If we respect natural block order instead of reordering transactions, we could end up with idle cores waiting on a single large transaction. The solution to this would be attaching gas_used values to the block-level access list, as presented in EIP-7928 breakout call #6 and spec’ed here.

One could approximate the gas_used values by using the already available transaction gas limit; however, this can be easily tricked.
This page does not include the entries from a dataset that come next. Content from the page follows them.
lemma pd_step_charging:
  assumes "i \<notin> S" and "finite S" and "\<forall>j. w j \<ge> 0"
    and X: "X \<inter> insert i S = insert i {j \<in> S. E i j}"
    and "\<beta> > 0" and "0 < p" and "p < 1"
  shows "measure_pmf.expectation (pd_step E f \<beta> p i (S, w))
           (\<lambda>s. marg f S i * (if i \<notin> fst s then 1 else 0))
         \<le> max ((1 - p) / p) (1 + \<beta>) *
           measure_pmf.expectation (pd_step E f \<beta> p i (S, w)) (\<lambda>s. sum (snd s) (X \<inter> fst s))"
proof -
  define c where "c = max ((1 - p) / p) (1 + \<beta>)"
  define C where "C = {j \<in> S. E i j}"
  define W where "W = sum w C"
  define g where "g = marg f S i"
  have "W \<ge> 0"
    using assms(3) by (simp add: W_def sum_nonneg)
  have X_S: "X \<inter> S = C"
    using X \<open>i \<notin> S\<close> by (auto simp: C_def)
  show ?thesis
  proof (cases "g > (1 + \<beta>) * W")
    case True
    have "g \<ge> 0"
      using True \<open>W \<ge> 0\<close> \<open>\<beta> > 0\<close> by (smt (verit) mult_nonneg_nonneg)
    have "sum (w(i := g - W)) C = W"
      using \<open>i \<notin> S\<close> by (auto simp: W_def C_def intro!: sum.cong)
    then have "sum (w(i := g - W)) (insert i C) = g"
      using \<open>finite S\<close> \<open>i \<notin> S\<close> by (simp add: C_def)
    then have expectations:
        "measure_pmf.expectation (pd_step E f \<beta> p i (S, w)) (\<lambda>s. g * (if i \<notin> fst s then 1 else 0))
           = g * (1 - p)"
        "measure_pmf.expectation (pd_step E f \<beta> p i (S, w)) (\<lambda>s. sum (snd s) (X \<inter> fst s))
           = g * p + W * (1 - p)"
      using True \<open>i \<notin> S\<close> \<open>0 < p\<close> \<open>p < 1\<close>
      by (simp_all add: pd_step_def Let_def X_S X[folded C_def] flip: C_def W_def g_def)
    have "c * p \<ge> (1 - p) / p * p"
      unfolding c_def using \<open>0 < p\<close> by (intro mult_right_mono) auto
    then have "c * p \<ge> 1 - p"
      using \<open>0 < p\<close> by simp
    then have "g * (1 - p) \<le> c * (g * p)"
      using \<open>g \<ge> 0\<close> by (metis mult.assoc mult.commute mult_left_mono)
    moreover have "0 \<le> c * (W * (1 - p))"
      using \<open>W \<ge> 0\<close> \<open>p < 1\<close> \<open>\<beta> > 0\<close> by (simp add: c_def)
    ultimately show ?thesis
      unfolding g_def[symmetric] c_def[symmetric] expectations by (simp add: algebra_simps)
  next
    case False
    then have "pd_step E f \<beta> p i (S, w) = return_pmf (S, w)"
      by (simp add: pd_step_def Let_def C_def W_def g_def)
    moreover have "g \<le> c * W"
      using False \<open>W \<ge> 0\<close> by (smt (verit) c_def max.cobounded2 mult_right_mono)
    ultimately show ?thesis
      using \<open>i \<notin> S\<close> by (simp add: X_S c_def W_def g_def)
  qed
qed

lemma pd_hist_decided_at_step:
  assumes "h \<in> set_pmf (pd_hist E f \<beta> p n)" and "i < n"
  shows "i \<in> fst (h ! n) \<longleftrightarrow> i \<in> fst (h ! Suc i)"
    and "X \<subseteq> {..<Suc i} \<Longrightarrow>
      sum (snd (h ! n)) (X \<inter> fst (h ! n)) = sum (snd (h ! Suc i)) (X \<inter> fst (h ! Suc i))"
proof -
  have grows: "grows_within {Suc i..<n} (h ! Suc i) (h ! n)"
    using pd_hist_grows_within[OF assms(1)] \<open>i < n\<close> by simp
  then show "i \<in> fst (h ! n) \<longleftrightarrow> i \<in> fst (h ! Suc i)"
    by (auto simp: grows_within_def)
  assume "X \<subseteq> {..<Suc i}"
  with grows have "X \<inter> fst (h ! n) = X \<inter> fst (h ! Suc i)"
    and "\<forall>j \<in> X. snd (h ! n) j = snd (h ! Suc i) j"
    by (auto simp: grows_within_def subset_iff) (meson leD)
  then show "sum (snd (h ! n)) (X \<inter> fst (h ! n)) = sum (snd (h ! Suc i)) (X \<inter> fst (h ! Suc i))"
    by simp
qed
Other heuristics such as the number of BAL entries for a given transaction, or the balance diff of the sender may yield even better results but bring additional complexity.

Check out this tool allowing you to visualize worst-case blocks for a given block gas limit and number of cores, comparing Ordered List Scheduling with Greedy Scheduling with Reordering.


1. Setup

We model a block as a set of indivisible “jobs” (transactions) with gas workloads:

Symbol Meaning
G Total block gas (here 300\text{M})
G_T Per-transaction gas cap (EIP-7825, 2^{24}=16.78\text{M})
g_i Gas of transaction (i), with 0 < g_i \le G_T
g_{\max} Largest transaction in the block \le G_T
n Number of cores
C Makespan: total gas processed by the busiest core

We compare two schedulers:

  • Greedy (Reordering allowed): transactions can be freely rearranged to balance total gas across cores.
  • Ordered List Scheduling (OLS): transactions stay in natural block order; each new transaction goes to the first available core.

2. Lower Bound: Greedy Scheduling with Reordering

Even the optimal scheduler cannot do better than:

C_* \ge \max\Big(\frac{G}{n}, g_{\max}\Big)

The term G/n represents the average load per core;
g_{\max} ensures no core can be assigned less than the largest single transaction.


3. Ordered List Scheduling (OLS)

For natural block order, Graham’s bound on list scheduling gives:

\boxed{C_{\text{OLS}} \le \frac{G}{n} + \Big(1-\frac{1}{n}\Big) g_{\max}}

Intuitively:

  • The first term G/n is the ideal average work per core.
  • The second term is a tail effect: one near-max transaction might be scheduled last, forcing a single core to keep working while others are idle.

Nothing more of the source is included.